Using the listing below, extract each line that has the word "auto" in it.

- Opening Delimiter -

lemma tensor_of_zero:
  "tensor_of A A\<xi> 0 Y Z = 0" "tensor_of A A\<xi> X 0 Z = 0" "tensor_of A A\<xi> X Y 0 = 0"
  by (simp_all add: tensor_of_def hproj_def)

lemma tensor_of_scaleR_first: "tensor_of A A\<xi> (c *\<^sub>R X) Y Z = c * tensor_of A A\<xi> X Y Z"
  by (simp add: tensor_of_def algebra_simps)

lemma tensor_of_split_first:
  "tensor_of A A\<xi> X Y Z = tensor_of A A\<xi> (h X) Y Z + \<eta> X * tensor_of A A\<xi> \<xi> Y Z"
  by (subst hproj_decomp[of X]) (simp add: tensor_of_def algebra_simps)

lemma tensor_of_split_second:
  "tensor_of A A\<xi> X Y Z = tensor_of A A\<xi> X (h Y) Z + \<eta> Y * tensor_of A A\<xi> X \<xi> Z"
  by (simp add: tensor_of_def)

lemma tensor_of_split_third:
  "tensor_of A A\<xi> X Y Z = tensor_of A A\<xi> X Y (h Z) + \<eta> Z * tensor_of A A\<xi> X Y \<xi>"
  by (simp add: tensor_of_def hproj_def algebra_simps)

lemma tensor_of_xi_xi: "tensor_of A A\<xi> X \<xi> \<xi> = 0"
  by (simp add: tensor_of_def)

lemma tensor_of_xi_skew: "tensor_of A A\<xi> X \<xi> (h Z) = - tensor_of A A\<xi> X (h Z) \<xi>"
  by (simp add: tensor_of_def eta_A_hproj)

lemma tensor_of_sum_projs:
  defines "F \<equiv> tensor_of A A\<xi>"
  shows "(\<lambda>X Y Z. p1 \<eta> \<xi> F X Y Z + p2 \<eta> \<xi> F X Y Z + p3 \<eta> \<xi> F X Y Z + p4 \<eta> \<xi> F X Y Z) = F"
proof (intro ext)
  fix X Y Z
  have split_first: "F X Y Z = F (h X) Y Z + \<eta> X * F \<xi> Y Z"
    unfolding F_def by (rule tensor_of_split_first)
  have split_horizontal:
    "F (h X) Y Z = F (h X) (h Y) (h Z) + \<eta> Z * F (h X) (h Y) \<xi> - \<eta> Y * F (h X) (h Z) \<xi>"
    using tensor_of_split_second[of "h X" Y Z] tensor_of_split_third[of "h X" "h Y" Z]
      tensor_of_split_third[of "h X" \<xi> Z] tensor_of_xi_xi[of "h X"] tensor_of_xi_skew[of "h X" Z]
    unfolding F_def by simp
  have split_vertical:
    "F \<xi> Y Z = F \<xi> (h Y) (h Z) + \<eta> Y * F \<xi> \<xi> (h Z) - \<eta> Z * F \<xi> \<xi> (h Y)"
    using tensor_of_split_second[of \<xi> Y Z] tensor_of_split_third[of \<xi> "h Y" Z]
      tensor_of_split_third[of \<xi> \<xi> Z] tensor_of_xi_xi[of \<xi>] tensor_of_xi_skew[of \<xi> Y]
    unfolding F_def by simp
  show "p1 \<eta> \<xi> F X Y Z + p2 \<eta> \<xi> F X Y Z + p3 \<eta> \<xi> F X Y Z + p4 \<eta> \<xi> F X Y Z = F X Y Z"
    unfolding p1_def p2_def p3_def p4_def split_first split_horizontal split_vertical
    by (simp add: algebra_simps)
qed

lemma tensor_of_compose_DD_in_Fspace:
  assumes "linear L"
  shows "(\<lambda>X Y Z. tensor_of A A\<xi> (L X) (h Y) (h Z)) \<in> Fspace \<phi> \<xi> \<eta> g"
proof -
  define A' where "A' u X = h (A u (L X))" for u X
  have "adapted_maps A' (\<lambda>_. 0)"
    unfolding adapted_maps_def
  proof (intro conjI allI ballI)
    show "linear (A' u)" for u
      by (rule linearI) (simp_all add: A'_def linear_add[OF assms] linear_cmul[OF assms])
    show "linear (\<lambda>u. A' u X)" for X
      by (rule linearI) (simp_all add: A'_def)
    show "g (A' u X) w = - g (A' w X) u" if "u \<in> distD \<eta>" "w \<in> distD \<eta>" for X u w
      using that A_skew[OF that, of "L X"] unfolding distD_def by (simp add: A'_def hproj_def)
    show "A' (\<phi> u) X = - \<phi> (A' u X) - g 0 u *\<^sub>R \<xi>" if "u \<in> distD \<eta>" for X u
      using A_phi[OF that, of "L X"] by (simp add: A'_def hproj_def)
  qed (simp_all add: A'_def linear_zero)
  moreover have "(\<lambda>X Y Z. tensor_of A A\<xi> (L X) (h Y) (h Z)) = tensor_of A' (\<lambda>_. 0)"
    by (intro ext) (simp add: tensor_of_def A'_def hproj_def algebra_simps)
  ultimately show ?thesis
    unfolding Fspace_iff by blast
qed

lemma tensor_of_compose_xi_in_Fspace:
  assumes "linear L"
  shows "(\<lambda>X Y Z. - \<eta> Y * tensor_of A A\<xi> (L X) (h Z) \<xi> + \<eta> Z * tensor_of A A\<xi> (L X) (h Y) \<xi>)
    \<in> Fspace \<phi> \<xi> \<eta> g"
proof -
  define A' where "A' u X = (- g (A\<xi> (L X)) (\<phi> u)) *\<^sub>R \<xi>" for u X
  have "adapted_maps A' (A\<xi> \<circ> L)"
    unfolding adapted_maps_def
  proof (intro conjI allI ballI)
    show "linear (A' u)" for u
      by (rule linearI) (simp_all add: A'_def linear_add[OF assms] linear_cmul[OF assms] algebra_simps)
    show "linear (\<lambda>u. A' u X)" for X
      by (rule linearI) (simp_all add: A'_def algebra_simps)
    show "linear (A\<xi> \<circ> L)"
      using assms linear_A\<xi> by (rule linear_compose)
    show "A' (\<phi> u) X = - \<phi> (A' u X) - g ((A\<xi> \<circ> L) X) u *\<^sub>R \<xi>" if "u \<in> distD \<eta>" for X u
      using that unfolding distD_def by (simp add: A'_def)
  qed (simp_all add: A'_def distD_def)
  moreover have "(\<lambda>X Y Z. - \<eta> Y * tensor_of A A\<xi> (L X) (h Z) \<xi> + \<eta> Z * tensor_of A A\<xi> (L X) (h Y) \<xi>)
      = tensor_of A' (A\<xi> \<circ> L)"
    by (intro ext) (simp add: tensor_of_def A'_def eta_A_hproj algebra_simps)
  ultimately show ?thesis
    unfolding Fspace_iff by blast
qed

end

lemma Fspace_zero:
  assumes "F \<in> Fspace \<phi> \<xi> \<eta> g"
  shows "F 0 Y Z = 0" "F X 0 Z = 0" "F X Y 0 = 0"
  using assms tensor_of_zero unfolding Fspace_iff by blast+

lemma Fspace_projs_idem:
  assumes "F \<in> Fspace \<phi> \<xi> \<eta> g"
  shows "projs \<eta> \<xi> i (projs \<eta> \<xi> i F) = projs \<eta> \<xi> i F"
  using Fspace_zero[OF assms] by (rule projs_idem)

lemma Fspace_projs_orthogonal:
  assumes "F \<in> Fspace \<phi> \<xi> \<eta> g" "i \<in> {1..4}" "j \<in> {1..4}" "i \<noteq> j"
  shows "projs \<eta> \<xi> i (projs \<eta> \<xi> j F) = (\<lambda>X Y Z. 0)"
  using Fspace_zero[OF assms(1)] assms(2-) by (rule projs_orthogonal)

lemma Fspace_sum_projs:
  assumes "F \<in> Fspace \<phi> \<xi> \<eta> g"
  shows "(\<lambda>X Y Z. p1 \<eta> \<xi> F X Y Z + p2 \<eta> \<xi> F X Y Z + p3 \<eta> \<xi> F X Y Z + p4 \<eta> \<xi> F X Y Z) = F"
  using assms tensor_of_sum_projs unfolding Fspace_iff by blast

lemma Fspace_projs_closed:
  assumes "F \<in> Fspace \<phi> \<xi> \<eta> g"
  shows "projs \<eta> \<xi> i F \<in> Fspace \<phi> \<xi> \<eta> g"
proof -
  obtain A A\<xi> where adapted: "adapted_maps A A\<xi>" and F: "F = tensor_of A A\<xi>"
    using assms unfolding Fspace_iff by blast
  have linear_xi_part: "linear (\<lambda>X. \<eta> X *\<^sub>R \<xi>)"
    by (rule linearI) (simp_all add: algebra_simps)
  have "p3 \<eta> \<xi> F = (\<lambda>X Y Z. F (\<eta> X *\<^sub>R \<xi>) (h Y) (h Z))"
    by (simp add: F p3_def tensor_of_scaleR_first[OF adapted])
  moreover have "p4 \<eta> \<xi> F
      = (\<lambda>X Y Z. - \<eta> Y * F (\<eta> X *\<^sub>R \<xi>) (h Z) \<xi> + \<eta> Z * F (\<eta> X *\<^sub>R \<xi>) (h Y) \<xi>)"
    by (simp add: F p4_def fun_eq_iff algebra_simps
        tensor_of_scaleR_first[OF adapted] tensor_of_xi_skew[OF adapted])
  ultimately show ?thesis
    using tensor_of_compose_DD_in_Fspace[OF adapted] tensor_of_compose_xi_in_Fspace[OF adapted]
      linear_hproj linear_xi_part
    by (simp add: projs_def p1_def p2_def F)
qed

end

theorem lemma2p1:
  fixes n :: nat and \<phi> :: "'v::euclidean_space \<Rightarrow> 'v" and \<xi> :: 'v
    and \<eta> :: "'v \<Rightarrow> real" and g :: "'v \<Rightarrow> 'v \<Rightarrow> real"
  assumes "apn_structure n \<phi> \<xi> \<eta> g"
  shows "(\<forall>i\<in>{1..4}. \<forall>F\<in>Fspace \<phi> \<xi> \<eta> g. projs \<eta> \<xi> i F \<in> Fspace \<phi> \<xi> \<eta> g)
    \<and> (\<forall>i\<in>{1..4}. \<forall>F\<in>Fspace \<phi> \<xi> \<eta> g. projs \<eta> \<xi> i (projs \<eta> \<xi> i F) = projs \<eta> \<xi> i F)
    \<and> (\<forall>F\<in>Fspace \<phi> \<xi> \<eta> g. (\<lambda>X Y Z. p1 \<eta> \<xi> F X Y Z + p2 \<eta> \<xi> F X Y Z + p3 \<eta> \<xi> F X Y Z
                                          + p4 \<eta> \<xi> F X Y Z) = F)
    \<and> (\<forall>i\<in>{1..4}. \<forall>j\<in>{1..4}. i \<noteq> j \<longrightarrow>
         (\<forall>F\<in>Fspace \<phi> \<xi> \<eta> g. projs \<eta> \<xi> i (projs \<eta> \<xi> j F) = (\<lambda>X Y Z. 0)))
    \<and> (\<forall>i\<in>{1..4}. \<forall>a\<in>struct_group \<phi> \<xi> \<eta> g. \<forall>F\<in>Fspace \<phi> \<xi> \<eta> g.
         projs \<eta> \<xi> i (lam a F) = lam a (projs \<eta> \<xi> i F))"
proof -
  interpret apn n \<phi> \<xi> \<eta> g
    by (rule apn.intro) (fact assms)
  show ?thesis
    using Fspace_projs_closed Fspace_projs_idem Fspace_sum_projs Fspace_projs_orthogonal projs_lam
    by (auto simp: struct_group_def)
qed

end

- Closing Delimiter -
- Opening Delimiter -

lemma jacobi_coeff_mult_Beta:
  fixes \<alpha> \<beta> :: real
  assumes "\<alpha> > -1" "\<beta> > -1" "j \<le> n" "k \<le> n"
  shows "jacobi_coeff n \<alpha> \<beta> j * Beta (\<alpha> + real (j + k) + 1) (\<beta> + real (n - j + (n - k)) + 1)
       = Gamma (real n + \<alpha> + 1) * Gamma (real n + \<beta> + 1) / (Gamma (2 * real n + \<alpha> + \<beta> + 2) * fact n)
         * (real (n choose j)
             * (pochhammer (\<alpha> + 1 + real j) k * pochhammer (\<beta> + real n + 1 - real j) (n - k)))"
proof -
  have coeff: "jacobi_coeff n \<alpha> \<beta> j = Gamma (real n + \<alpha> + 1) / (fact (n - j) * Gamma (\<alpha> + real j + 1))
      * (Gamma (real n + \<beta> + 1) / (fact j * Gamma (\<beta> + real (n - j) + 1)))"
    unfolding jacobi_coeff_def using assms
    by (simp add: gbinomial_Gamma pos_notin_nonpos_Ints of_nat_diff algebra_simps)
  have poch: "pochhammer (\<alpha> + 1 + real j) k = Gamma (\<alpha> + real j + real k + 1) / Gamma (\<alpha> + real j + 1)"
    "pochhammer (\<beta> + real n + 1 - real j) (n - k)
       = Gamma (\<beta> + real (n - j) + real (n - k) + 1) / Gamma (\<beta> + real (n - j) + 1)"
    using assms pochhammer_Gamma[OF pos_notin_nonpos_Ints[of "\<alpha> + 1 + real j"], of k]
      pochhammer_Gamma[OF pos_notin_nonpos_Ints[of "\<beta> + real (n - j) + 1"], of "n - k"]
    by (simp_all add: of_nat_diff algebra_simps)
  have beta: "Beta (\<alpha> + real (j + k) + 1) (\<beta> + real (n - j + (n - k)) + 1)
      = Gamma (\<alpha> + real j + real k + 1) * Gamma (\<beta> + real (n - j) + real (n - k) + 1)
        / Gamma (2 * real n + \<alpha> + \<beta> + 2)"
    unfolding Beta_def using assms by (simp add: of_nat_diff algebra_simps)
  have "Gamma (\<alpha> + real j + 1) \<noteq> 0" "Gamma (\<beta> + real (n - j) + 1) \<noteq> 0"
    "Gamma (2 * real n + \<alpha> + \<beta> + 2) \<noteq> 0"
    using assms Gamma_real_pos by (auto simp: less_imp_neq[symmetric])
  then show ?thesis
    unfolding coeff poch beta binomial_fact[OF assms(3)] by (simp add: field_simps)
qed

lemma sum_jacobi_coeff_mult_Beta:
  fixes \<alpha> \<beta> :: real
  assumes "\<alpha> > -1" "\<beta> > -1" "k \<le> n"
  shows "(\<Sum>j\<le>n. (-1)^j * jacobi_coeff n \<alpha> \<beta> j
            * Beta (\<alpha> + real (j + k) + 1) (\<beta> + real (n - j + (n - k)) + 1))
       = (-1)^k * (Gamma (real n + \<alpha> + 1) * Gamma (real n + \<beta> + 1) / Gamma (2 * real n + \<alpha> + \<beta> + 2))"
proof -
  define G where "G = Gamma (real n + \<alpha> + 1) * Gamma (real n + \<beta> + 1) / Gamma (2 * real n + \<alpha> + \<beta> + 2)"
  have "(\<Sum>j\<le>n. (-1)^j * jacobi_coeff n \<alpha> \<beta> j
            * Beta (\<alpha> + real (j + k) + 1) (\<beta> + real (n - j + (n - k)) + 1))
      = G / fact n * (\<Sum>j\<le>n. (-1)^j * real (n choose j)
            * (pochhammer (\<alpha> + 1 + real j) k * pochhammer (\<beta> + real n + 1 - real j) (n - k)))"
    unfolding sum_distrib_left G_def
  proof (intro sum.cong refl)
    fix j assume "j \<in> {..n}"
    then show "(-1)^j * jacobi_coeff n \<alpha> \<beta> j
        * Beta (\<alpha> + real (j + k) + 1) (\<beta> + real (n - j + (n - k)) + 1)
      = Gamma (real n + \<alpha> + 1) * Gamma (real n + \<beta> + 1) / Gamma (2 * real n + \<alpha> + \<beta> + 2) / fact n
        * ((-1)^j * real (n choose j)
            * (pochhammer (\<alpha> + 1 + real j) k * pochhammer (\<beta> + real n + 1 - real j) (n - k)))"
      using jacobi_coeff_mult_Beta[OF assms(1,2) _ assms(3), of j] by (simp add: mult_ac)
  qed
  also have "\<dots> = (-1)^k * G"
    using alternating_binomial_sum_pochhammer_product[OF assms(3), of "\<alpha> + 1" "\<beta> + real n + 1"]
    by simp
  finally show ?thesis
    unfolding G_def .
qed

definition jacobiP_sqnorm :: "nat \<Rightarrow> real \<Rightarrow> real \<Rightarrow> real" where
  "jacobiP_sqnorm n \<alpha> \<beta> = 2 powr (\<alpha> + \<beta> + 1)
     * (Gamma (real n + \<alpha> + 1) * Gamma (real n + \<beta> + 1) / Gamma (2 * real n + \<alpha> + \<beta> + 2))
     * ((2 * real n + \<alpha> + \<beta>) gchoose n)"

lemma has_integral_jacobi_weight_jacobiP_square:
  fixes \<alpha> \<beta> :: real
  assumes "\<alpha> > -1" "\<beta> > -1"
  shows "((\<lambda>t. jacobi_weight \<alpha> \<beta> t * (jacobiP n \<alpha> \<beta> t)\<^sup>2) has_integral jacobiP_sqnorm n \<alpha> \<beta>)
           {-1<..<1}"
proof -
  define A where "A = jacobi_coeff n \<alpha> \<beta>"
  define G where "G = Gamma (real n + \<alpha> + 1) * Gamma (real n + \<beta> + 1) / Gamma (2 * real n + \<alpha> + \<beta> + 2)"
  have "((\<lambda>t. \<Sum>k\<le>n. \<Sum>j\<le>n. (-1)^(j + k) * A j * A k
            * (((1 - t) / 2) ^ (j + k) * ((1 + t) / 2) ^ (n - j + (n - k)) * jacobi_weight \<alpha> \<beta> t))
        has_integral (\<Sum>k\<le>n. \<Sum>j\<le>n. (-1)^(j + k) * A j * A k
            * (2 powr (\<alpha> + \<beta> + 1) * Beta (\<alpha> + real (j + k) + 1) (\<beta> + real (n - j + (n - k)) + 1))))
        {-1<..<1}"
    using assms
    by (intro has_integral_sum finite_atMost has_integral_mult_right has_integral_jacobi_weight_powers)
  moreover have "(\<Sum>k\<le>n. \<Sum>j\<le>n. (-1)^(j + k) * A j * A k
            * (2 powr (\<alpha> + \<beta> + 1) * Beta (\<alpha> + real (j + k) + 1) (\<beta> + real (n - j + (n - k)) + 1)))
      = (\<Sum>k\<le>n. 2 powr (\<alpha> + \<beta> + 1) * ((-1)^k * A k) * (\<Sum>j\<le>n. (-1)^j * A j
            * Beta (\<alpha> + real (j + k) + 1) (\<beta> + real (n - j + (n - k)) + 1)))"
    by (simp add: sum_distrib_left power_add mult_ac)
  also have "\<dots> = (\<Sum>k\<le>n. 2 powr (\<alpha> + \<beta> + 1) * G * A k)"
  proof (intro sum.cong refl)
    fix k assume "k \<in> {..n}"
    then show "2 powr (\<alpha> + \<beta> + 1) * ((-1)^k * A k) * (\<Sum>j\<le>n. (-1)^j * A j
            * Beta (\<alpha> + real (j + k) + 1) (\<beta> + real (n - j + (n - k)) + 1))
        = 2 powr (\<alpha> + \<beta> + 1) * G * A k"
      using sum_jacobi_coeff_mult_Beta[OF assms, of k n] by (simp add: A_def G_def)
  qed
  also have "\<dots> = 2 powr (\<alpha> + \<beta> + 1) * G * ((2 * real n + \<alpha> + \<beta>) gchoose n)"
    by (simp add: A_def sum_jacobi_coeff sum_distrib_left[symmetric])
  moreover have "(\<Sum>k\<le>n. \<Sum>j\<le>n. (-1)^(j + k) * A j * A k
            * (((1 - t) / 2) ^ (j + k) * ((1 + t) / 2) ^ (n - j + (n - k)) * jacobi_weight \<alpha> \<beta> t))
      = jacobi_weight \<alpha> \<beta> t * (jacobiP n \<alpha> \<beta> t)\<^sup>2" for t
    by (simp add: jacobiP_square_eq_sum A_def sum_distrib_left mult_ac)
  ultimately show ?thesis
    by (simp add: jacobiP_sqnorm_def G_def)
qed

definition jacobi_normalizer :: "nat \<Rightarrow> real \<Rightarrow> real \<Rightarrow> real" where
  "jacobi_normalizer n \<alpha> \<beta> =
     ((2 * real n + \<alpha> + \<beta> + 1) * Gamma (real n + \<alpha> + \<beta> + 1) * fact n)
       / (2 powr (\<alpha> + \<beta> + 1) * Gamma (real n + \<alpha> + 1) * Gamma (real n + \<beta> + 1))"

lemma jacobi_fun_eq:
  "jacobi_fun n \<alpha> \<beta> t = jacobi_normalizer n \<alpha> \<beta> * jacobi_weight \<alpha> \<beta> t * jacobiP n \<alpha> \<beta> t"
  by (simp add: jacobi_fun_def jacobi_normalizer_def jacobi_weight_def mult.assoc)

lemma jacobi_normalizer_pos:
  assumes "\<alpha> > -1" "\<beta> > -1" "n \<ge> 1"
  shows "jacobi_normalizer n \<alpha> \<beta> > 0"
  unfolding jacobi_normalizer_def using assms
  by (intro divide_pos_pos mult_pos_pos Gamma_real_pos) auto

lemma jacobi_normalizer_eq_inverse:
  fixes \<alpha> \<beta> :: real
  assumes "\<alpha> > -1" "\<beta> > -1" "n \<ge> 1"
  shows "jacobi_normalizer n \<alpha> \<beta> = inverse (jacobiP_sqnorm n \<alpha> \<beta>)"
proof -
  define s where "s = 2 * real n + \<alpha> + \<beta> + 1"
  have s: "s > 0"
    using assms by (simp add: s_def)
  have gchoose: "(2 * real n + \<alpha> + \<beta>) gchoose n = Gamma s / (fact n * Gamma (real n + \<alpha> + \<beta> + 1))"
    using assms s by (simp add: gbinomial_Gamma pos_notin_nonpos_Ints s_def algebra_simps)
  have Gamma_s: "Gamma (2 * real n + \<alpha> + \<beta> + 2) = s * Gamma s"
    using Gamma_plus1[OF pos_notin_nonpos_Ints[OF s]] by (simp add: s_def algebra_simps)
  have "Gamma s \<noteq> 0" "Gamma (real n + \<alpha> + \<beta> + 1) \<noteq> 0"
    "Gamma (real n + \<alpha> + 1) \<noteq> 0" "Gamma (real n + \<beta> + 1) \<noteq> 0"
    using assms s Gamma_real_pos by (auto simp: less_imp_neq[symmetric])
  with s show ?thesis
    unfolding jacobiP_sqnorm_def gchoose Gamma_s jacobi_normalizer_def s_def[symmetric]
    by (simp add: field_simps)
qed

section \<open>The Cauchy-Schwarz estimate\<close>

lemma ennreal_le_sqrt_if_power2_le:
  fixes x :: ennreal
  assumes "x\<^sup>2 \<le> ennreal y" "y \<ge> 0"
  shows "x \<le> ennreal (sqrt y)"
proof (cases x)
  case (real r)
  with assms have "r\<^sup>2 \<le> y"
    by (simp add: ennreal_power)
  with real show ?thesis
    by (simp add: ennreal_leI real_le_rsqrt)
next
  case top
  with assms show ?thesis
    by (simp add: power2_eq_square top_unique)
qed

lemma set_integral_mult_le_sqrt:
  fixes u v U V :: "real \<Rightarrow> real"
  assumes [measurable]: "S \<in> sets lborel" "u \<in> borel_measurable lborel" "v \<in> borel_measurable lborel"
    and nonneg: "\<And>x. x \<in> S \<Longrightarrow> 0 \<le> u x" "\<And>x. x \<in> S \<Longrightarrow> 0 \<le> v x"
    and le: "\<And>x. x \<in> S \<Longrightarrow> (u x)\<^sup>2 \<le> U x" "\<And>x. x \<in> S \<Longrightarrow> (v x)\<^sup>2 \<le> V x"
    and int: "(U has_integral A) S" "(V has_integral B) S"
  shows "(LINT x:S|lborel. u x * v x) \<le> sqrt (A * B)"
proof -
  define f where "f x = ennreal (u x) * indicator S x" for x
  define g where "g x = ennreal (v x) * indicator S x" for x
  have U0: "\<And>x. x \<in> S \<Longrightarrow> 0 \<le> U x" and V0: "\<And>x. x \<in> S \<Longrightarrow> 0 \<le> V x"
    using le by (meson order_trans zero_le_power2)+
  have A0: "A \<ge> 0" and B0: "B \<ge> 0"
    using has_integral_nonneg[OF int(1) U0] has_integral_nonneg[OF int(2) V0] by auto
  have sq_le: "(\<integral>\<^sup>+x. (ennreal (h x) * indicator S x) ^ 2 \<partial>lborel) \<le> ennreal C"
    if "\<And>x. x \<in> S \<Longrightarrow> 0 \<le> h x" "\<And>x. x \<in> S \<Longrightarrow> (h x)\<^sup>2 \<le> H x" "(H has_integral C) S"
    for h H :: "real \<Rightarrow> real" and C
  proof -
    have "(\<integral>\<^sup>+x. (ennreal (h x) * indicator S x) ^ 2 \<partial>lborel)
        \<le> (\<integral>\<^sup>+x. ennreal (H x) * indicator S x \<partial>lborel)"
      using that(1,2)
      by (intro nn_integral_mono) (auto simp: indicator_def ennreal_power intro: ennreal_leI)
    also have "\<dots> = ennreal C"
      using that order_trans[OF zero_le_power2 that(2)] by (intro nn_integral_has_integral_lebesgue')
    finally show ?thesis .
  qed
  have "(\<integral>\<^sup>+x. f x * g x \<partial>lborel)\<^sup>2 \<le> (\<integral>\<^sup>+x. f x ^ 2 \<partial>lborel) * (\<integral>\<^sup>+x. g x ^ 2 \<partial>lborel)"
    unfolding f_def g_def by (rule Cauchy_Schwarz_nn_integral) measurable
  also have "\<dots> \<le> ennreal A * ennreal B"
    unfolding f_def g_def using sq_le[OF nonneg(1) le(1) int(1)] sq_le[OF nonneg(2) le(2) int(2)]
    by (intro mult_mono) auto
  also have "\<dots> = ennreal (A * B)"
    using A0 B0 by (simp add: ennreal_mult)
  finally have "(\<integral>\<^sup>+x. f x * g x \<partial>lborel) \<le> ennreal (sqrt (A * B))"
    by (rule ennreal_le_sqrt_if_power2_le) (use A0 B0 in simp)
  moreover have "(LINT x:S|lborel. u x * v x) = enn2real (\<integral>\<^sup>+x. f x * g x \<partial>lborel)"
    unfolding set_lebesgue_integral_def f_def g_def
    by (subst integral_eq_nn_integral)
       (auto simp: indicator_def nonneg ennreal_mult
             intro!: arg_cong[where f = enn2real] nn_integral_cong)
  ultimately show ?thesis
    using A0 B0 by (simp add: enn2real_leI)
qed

- Closing Delimiter -

| COMPLETED TASK |
    by (auto simp: struct_group_def)
    using assms Gamma_real_pos by (auto simp: less_imp_neq[symmetric])
  by (intro divide_pos_pos mult_pos_pos Gamma_real_pos) auto
    using assms s Gamma_real_pos by (auto simp: less_imp_neq[symmetric])
    using has_integral_nonneg[OF int(1) U0] has_integral_nonneg[OF int(2) V0] by auto
      by (intro nn_integral_mono) (auto simp: indicator_def ennreal_power intro: ennreal_leI)
    by (intro mult_mono) auto
       (auto simp: indicator_def nonneg ennreal_mult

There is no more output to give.